Data extracted from a collection:

lemma tree_iso_if_descendant_iso:
  assumes T: "is_rooted_tree I t" and S: "is_rooted_tree J s"
    and h: "bij_betw h (Domain t) (Domain s)"
    and h_reach: "\<And>v w. v \<in> Domain t \<Longrightarrow> w \<in> Domain t \<Longrightarrow> (v, w) \<in> t\<^sup>* \<longleftrightarrow> (h v, h w) \<in> s\<^sup>*"
  shows "tree_iso I t J s"
proof -
  obtain rt rs where rt: "roots I t = {rt}" and rs: "roots J s = {rs}"
    using T S by (meson rooted_tree_rootE)
  note tv = rooted_tree_vertices[OF T rt] and sv = rooted_tree_vertices[OF S rs]
  have Ft: "is_forest I t" and Fs: "is_forest J s"
    using tv sv by blast+
  define f where "f v = (if v \<in> Domain t then h v else rs)" for v
  have f_bij: "bij_betw f I J"
  proof -
    have "bij_betw f (Domain t) (Domain s)"
      using h by (rule bij_betw_cong[THEN iffD1, rotated]) (simp add: f_def)
    then have "bij_betw f (Domain t \<union> {rt}) (Domain s \<union> {f rt})"
      using tv(3) sv(3) by (intro notIn_Un_bij_betw) (simp_all add: f_def)
    then show ?thesis
      using tv(2,3) sv(2) by (simp add: f_def)
  qed
  have "(f c, f p) \<in> s" if cp: "(c, p) \<in> t" for c p
  proof -
    obtain q where q: "(h c, q) \<in> s"
      using h cp unfolding bij_betw_def by blast
    have "q \<in> J"
      using q Fs unfolding is_forest_def by blast
    then have "q = f p"
      using descendant_iso_parent_in_Domain[OF Ft Fs h h_reach cp q]
        descendant_iso_parent_not_in_Domain[OF Ft Fs h h_reach cp q] sv(2)
      unfolding f_def by auto
    moreover have "f c = h c"
      using cp by (auto simp: f_def)
    ultimately show ?thesis
      using q by simp
  qed
  then have sub: "map_prod f f ` t \<subseteq> s"
    by auto
  have "inj_on (map_prod f f) t"
    using map_prod_inj_on[OF bij_betw_imp_inj_on[OF f_bij] bij_betw_imp_inj_on[OF f_bij]]
      Ft inj_on_subset unfolding is_forest_def by blast
  then have "card (map_prod f f ` t) = card s"
    using card_image card_forest_Domain[OF Ft] card_forest_Domain[OF Fs] bij_betw_same_card[OF h]
    by metis
  then have "map_prod f f ` t = s"
    using sub is_forest_finite[OF Fs] by (simp add: card_subset_eq)
  then show ?thesis
    unfolding tree_iso_def using f_bij by blast
qed
definition sfun_single :: "(('x::cbanach \<Rightarrow> 'y::cbanach) \<Rightarrow> nat \<Rightarrow> real) \<Rightarrow> bool" where
  "sfun_single s \<longleftrightarrow>
     (\<forall>T. bounded_clinear T \<longrightarrow>
        s T 1 = onorm T \<and> (\<forall>n\<ge>1. s T (Suc n) \<le> s T n) \<and> (\<forall>n\<ge>1. 0 \<le> s T n)
        \<and> (\<forall>n\<ge>1. rank_less T n \<longrightarrow> s T n = 0))
   \<and> (\<forall>S T n m. bounded_clinear S \<and> bounded_clinear T \<and> 1 \<le> n \<and> 1 \<le> m \<longrightarrow>
        s (\<lambda>x. S x + T x) (n + m - 1) \<le> s S n + s T m)"

text \<open>Axiom (3): s_n(S T R) \<le> \<parallel>S\<parallel> \<parallel>R\<parallel> s_n(T), for T in B(X,Y), R in B(Z1,X), S in B(Y,Z2);
here s is the s-function on B(X,Y) and s' the one on B(Z1,Z2).\<close>

definition sfun_comp ::
  "(('x::cbanach \<Rightarrow> 'y::cbanach) \<Rightarrow> nat \<Rightarrow> real) \<Rightarrow> (('z1::cbanach \<Rightarrow> 'z2::cbanach) \<Rightarrow> nat \<Rightarrow> real) \<Rightarrow> bool" where
  "sfun_comp s s' \<longleftrightarrow>
     (\<forall>T (R :: 'z1 \<Rightarrow> 'x) (S :: 'y \<Rightarrow> 'z2) n.
        bounded_clinear T \<and> bounded_clinear R \<and> bounded_clinear S \<and> 1 \<le> n \<longrightarrow>
        s' (S \<circ> T \<circ> R) n \<le> onorm S * onorm R * s T n)"

text \<open>An s-function restricted to the four operator spaces B(X,X), B(X,Y), B(Y,X), B(Y,Y):
axioms (1),(2),(4) on each, and axiom (3) for all Z1, Z2, X', Y' among X, Y.\<close>

definition sfun2 ::
  "(('a::cbanach \<Rightarrow> 'a) \<Rightarrow> nat \<Rightarrow> real) \<Rightarrow> (('a \<Rightarrow> 'b::cbanach) \<Rightarrow> nat \<Rightarrow> real) \<Rightarrow>
   (('b \<Rightarrow> 'a) \<Rightarrow> nat \<Rightarrow> real) \<Rightarrow> (('b \<Rightarrow> 'b) \<Rightarrow> nat \<Rightarrow> real) \<Rightarrow> bool" where
  "sfun2 sXX sXY sYX sYY \<longleftrightarrow>
     sfun_single sXX \<and> sfun_single sXY \<and> sfun_single sYX \<and> sfun_single sYY \<and>
     sfun_comp sXX sXX \<and> sfun_comp sXX sXY \<and> sfun_comp sXX sYX \<and> sfun_comp sXX sYY \<and>
     sfun_comp sXY sXX \<and> sfun_comp sXY sXY \<and> sfun_comp sXY sYX \<and> sfun_comp sXY sYY \<and>
     sfun_comp sYX sXX \<and> sfun_comp sYX sXY \<and> sfun_comp sYX sYX \<and> sfun_comp sYX sYY \<and>
     sfun_comp sYY sXX \<and> sfun_comp sYY sXY \<and> sfun_comp sYY sYX \<and> sfun_comp sYY sYY"

end

theory Submission
  imports Defs
begin

text \<open>If \<open>S \<in> I_T\<close>, write \<open>S = R_1 T R_1' + \<dots> + R_k T R_k'\<close>. Applying the additivity
axiom \<open>k - 1\<close> times, always with the same index \<open>n\<close> on the new summand, gives
\<open>s_{k(n-1)+1}(S) \<le> \<Sum>_j s_n(R_j T R_j')\<close>, and the ideal property bounds each summand by
\<open>\<parallel>R_j\<parallel> \<parallel>R_j'\<parallel> s_n(T)\<close>. Doing this in both directions and taking \<open>m\<close> larger than both
values of \<open>k\<close>, monotonicity of \<open>s\<close> absorbs the offset \<open>j\<close>.\<close>

lemma scaleC_zero_right: "scaleC c (0::'a::cbanach) = 0"
proof -
  have "scaleC c (0::'a) = scaleC c 0 + scaleC c 0"
    using scaleC_add_right[of c "0::'a" 0] by simp
  then show ?thesis by simp
qed

lemma bounded_clinear_zero: "bounded_clinear (\<lambda>_::'a::cbanach. 0::'b::cbanach)"
  unfolding bounded_clinear_def by (simp add: bounded_linear_zero scaleC_zero_right)

lemma bounded_clinear_id: "bounded_clinear (id :: 'a::cbanach \<Rightarrow> 'a)"
  unfolding bounded_clinear_def by (simp add: bounded_linear_ident id_def)

lemma bounded_clinear_add:
  "bounded_clinear f \<Longrightarrow> bounded_clinear g \<Longrightarrow> bounded_clinear (\<lambda>x. f x + g x)"
  unfolding bounded_clinear_def by (auto intro: bounded_linear_add simp: scaleC_add_right)

lemma bounded_clinear_compose:
  "bounded_clinear f \<Longrightarrow> bounded_clinear g \<Longrightarrow> bounded_clinear (f \<circ> g)"
  unfolding bounded_clinear_def by (auto simp: o_def intro: bounded_linear_compose)

lemma bounded_clinear_sum:
  assumes "finite J" and "\<And>j. j \<in> J \<Longrightarrow> bounded_clinear (A j)"
  shows "bounded_clinear (\<lambda>z. \<Sum>j\<in>J. A j z)"
  using assms by (induction J rule: finite_induct)
    (simp_all add: bounded_clinear_zero bounded_clinear_add)

lemma onorm_nonneg_clinear: "bounded_clinear f \<Longrightarrow> 0 \<le> onorm f"
  unfolding bounded_clinear_def by (simp add: onorm_pos_le)

lemma opideal_self: "bounded_clinear T \<Longrightarrow> T \<in> opideal T"
  unfolding opideal_def
  by (auto intro!: exI[of _ 1] exI[of _ "\<lambda>_. id"] simp: bounded_clinear_id)

lemma sfun_single_nonneg: "sfun_single s \<Longrightarrow> bounded_clinear A \<Longrightarrow> 1 \<le> n \<Longrightarrow> 0 \<le> s A n"
  unfolding sfun_single_def by blast

lemma sfun_single_add:
  assumes "sfun_single s" "bounded_clinear F" "bounded_clinear G" "1 \<le> p" "1 \<le> q"
  shows "s (\<lambda>x. F x + G x) (p + q - 1) \<le> s F p + s G q"
  using assms unfolding sfun_single_def by blast

lemma sfun_single_antimono:
  assumes "sfun_single s" "bounded_clinear A" "1 \<le> p" "p \<le> q"
  shows "s A q \<le> s A p"
  using assms(4)
proof (induction q rule: dec_induct)
  case (step q)
  have "s A (Suc q) \<le> s A q"
    using assms(1-3) step.hyps(1) unfolding sfun_single_def by auto
  with step.IH show ?case by linarith
qed simp

lemma sfun_single_sum:
  assumes s: "sfun_single s" and A: "\<And>j. j < k \<Longrightarrow> bounded_clinear (A j)"
    and "1 \<le> k" "1 \<le> n"
  shows "s (\<lambda>z. \<Sum>j<k. A j z) (k * (n - 1) + 1) \<le> (\<Sum>j<k. s (A j) n)"
  using \<open>1 \<le> k\<close> A
proof (induction k rule: nat_induct_at_least)
  case base
  then show ?case using \<open>1 \<le> n\<close> by simp
next
  case (Suc k)
  have partial: "bounded_clinear (\<lambda>z. \<Sum>j<k. A j z)"
    using Suc.prems by (intro bounded_clinear_sum) auto
  have "s (\<lambda>z. (\<Sum>j<k. A j z) + A k z) ((k * (n - 1) + 1) + n - 1)
      \<le> s (\<lambda>z. \<Sum>j<k. A j z) (k * (n - 1) + 1) + s (A k) n"
    using sfun_single_add[OF s partial _ _ \<open>1 \<le> n\<close>, of "A k" "k * (n - 1) + 1"] Suc.prems by simp
  moreover have "(k * (n - 1) + 1) + n - 1 = Suc k * (n - 1) + 1"
    using \<open>1 \<le> n\<close> by simp
  ultimately have "s (\<lambda>z. \<Sum>j<Suc k. A j z) (Suc k * (n - 1) + 1)
      \<le> s (\<lambda>z. \<Sum>j<k. A j z) (k * (n - 1) + 1) + s (A k) n"
    by (simp only: sum.lessThan_Suc)
  also have "\<dots> \<le> (\<Sum>j<k. s (A j) n) + s (A k) n"
    using Suc.IH Suc.prems by simp
  finally show ?case by simp
qed

lemma sfun_le_of_opideal:
  fixes T :: "'x::cbanach \<Rightarrow> 'y::cbanach" and S :: "'z1::cbanach \<Rightarrow> 'z2::cbanach"
  assumes T: "bounded_clinear T" and "S \<in> opideal T"
  obtains C k where "0 \<le> C" "1 \<le> k"
    "\<And>s (s' :: ('z1 \<Rightarrow> 'z2) \<Rightarrow> nat \<Rightarrow> real) n. sfun_single s' \<Longrightarrow> sfun_comp s s' \<Longrightarrow> 1 \<le> n
       \<Longrightarrow> s' S (k * (n - 1) + 1) \<le> C * s T n"
proof -
  obtain k and R :: "nat \<Rightarrow> 'y \<Rightarrow> 'z2" and R' :: "nat \<Rightarrow> 'z1 \<Rightarrow> 'x"
    where S: "S = (\<lambda>z. \<Sum>j<k. R j (T (R' j z)))" and k: "1 \<le> k"
      and R: "\<And>j. j < k \<Longrightarrow> bounded_clinear (R j) \<and> bounded_clinear (R' j)"
    using \<open>S \<in> opideal T\<close> unfolding opideal_def by blast
  define C where "C = (\<Sum>j<k. onorm (R j) * onorm (R' j))"
  have C: "0 \<le> C"
    unfolding C_def using R by (intro sum_nonneg mult_nonneg_nonneg) (auto intro: onorm_nonneg_clinear)
  have bound: "s' S (k * (n - 1) + 1) \<le> C * s T n"
    if s': "sfun_single s'" and comp: "sfun_comp s s'" and n: "1 \<le> n"
    for s :: "('x \<Rightarrow> 'y) \<Rightarrow> nat \<Rightarrow> real" and s' n
  proof -
    have terms: "bounded_clinear (R j \<circ> T \<circ> R' j)" if "j < k" for j
      using R[OF that] T by (auto intro: bounded_clinear_compose)
    have "s' S (k * (n - 1) + 1) \<le> (\<Sum>j<k. s' (R j \<circ> T \<circ> R' j) n)"
      using sfun_single_sum[OF s' terms k n] by (simp add: S)
    also have "\<dots> \<le> (\<Sum>j<k. onorm (R j) * onorm (R' j) * s T n)"
      using comp R T n unfolding sfun_comp_def by (intro sum_mono) auto
    also have "\<dots> = C * s T n"
      unfolding C_def by (simp add: sum_distrib_right)
    finally show ?thesis .
  qed
  show ?thesis using C k bound by (rule that)
qed

lemma block_index_le:
  fixes k m n j :: nat
  assumes "k < m" "1 \<le> n" "1 \<le> m * (n - 1) + j"
  shows "k * (n - 1) + 1 \<le> m * (n - 1) + j"
proof (cases "n = 1")
  case False
  then have "k * (n - 1) + 1 \<le> (k + 1) * (n - 1)"
    using \<open>1 \<le> n\<close> by simp
  also have "\<dots> \<le> m * (n - 1)"
    using \<open>k < m\<close> by (intro mult_right_mono) auto
  finally show ?thesis by simp
qed (use assms in simp)

lemma sfun_le_of_opideal_at_blocks:
  fixes T :: "'x::cbanach \<Rightarrow> 'y::cbanach" and S :: "'z1::cbanach \<Rightarrow> 'z2::cbanach"
  assumes T: "bounded_clinear T" and S: "bounded_clinear S" and "S \<in> opideal T"
  obtains C k where "0 \<le> C"
    "\<And>s (s' :: ('z1 \<Rightarrow> 'z2) \<Rightarrow> nat \<Rightarrow> real) M m n j.
       sfun_single s \<Longrightarrow> sfun_single s' \<Longrightarrow> sfun_comp s s' \<Longrightarrow> C \<le> M \<Longrightarrow> k < m \<Longrightarrow> 1 \<le> n
       \<Longrightarrow> 1 \<le> m * (n - 1) + j \<Longrightarrow> s' S (m * (n - 1) + j) \<le> M * s T n"
proof -
  obtain C k where C: "0 \<le> C" and bound: "\<And>s (s' :: ('z1 \<Rightarrow> 'z2) \<Rightarrow> nat \<Rightarrow> real) n.
      sfun_single s' \<Longrightarrow> sfun_comp s s' \<Longrightarrow> 1 \<le> n \<Longrightarrow> s' S (k * (n - 1) + 1) \<le> C * s T n"
    by (rule sfun_le_of_opideal[OF T \<open>S \<in> opideal T\<close>]) (rule that)
  have block_bound: "s' S (m * (n - 1) + j) \<le> M * s T n"
    if s: "sfun_single s" and s': "sfun_single s'" and comp: "sfun_comp s s'" and "C \<le> M"
      and "k < m" and n: "1 \<le> n" and "1 \<le> m * (n - 1) + j"
    for s and s' :: "('z1 \<Rightarrow> 'z2) \<Rightarrow> nat \<Rightarrow> real" and M m n j
  proof -
    have "s' S (m * (n - 1) + j) \<le> s' S (k * (n - 1) + 1)"
      using sfun_single_antimono[OF s' S _ block_index_le] that by simp
    also have "\<dots> \<le> C * s T n"
      using bound[OF s' comp n] .
    also have "\<dots> \<le> M * s T n"
      using sfun_single_nonneg[OF s T n] \<open>C \<le> M\<close> by (rule mult_right_mono[rotated])
    finally show ?thesis .
  qed
  show ?thesis using C block_bound by (rule that)
qed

**TASK INSTRUCTIONS:** Return only the lines above that run from the opening line through the line containing "using T S by (meson rooted_tree_rootE)", exactly as written.

**EXERCISE OUTPUT:**
lemma tree_iso_if_descendant_iso:
  assumes T: "is_rooted_tree I t" and S: "is_rooted_tree J s"
    and h: "bij_betw h (Domain t) (Domain s)"
    and h_reach: "\<And>v w. v \<in> Domain t \<Longrightarrow> w \<in> Domain t \<Longrightarrow> (v, w) \<in> t\<^sup>* \<longleftrightarrow> (h v, h w) \<in> s\<^sup>*"
  shows "tree_iso I t J s"
proof -
  obtain rt rs where rt: "roots I t = {rt}" and rs: "roots J s = {rs}"
    using T S by (meson rooted_tree_rootE)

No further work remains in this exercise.